Un autre amendement adopté à l'article 1er "exclut du champ d'application de l'article, outre les produits de bio-contrôle, les substances à faible risque au sens du règlement (CE) 1107/2009 et les produits autorisés dans le cadre de l'agriculture biologique, afin d'encourager le développement de tous les produits alternatifs", a justifié Roland Ries.
Alors que l'article 1er prévoit une exemption à l'interdiction d'usage des produits phytosanitaires dans le cadre de la lutte obligatoire contre les organismes nuisibles visés à l'article L. 251-3 du Code rural, un autre amendement précise que cette exemption ne vaut pas seulement pour la "prévention de la propagation" mais qu'il s'agira également d'autoriser le recours à ces produits pour "l'éradication" des espèces nuisibles.

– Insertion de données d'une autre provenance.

(* Let $k:\mathbb{N}\to\mathbb{N}$ satisfy $k(n)\to\infty$ as $n\to\infty$ and $k(n)=o(\sqrt{n})$. Then $$g(n,K_3,S_{k(n)+1})\ge (1+o(1))\frac{n\,k(n)^2}{48}.$$
   Context: Constructor-Blocker game: given graphs $H$ and $F$, two players, Constructor and Blocker, alternately claim previously unclaimed edges of the complete graph $K_n$, Constructor moving first. Constructor may only claim an edge if her graph (the edges she has claimed) remains $F$-free (contains no subgraph isomorphic to $F$); Blocker may claim any unclaimed edge. The game ends when Constructor cannot claim any more edges or all edges are claimed. The score is the number of copies of $H$ in Constructor's graph at the end. Constructor maximizes, Blocker minimizes; $g(n,H,F)$ denotes the score under optimal play by both. $S_k$ denotes the star with $k$ leaves (so being $S_{k+1}$-free means maximum degree at most $k$). *)

theory Defs
  imports Main "HOL-Library.Landau_Symbols"
begin

definition Kn_edges :: "nat \<Rightarrow> nat set set" where
  "Kn_edges n = {e. e \<subseteq> {0..<n} \<and> card e = 2}"

text \<open>Value of the Constructor-Blocker game from a position.
  ok: allowed Constructor graphs (F-freeness), sc: score of Constructor's graph,
  E: edge set of the board, turn = True means Constructor to move,
  C / B: edges claimed by Constructor / Blocker.  The fuel argument bounds the
  number of remaining moves (card E suffices since every move claims a new edge).\<close>
primrec play :: "nat \<Rightarrow> (nat set set \<Rightarrow> bool) \<Rightarrow> (nat set set \<Rightarrow> nat) \<Rightarrow> nat set set
    \<Rightarrow> bool \<Rightarrow> nat set set \<Rightarrow> nat set set \<Rightarrow> nat" where
  "play 0 ok sc E turn C B = sc C"
| "play (Suc m) ok sc E turn C B =
    (let free = E - C - B; legal = {e \<in> free. ok (insert e C)} in
     if legal = {} then sc C
     else if turn then Max ((\<lambda>e. play m ok sc E False (insert e C) B) ` legal)
     else Min ((\<lambda>e. play m ok sc E True C (insert e B)) ` free))"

Les leviers et les freins au développement des produits à faible risque
"Dans un souci de lisibilité", Roland Ries a soumis un amendement à l'article 2 visant "à repositionner l'exception dont font l'objet certains produits phytopharmaceutiques dans un nouveau paragraphe IV à l'article L. 253-7 du Code rural et de la pêche maritime". "En outre, il exclut les produits de bio-contrôle, les produits autorisés en agriculture biologique et les substances à faible risque visées par le règlement (CE) 1107/2009 de l'interdiction visée par le présent article." Un autre amendement à ce même article précise que l'interdiction d'usage des produits phytosanitaires ne s'appliquera pas aux mesures d'éradication des organismes nuisibles visés à l'article L. 251-3 du Code rural.
Enfin, un dernier amendement modifie la rédaction de l'article 3 qui prévoyait initialement la remise d'un rapport au Parlement sur les freins au développement de la fabrication et de la commercialisation des substances à faible risque. Les auteurs de l'amendement ont jugé "opportun d'élargir son champ afin qu'il aborde également l'état du développement actuel de ces produits et les leviers qui y concourent, ainsi que les recherches menées dans ce domaine". Dans sa nouvelle rédaction, l'article stipule qu'"avant le 31 décembre 2014, le gouvernement dépose sur le bureau du Parlement un rapport sur le développement de l'utilisation des produits de biocontrôle et à faible risque mentionnés aux articles 1 et 2, sur les leviers qui y concourent ainsi que sur les recherches menées dans ce domaine. Ce rapport indique les freins juridiques et économiques au développement de ces produits et plus largement à celui de la lutte intégrée telle que définie à l'article 3 de la directive 2009/128/CE du Parlement européen et du Conseil du 21 octobre 2009 instaurant un cadre d'action communautaire pour parvenir à une utilisation des pesticides compatible avec le développement durable."
L'auteur de la proposition de loi, le sénateur écologiste du Morbihan Joël Labbé, a annoncé que le texte serait présenté en janvier à l'Assemblée nationale à l'occasion d'une niche écologiste, afin qu'il soit adopté définitivement avant les municipales. "Il nous reste maintenant à récupérer et à traiter les stocks de produits existants", a conclu le ministre de l'Ecologie Philippe Martin.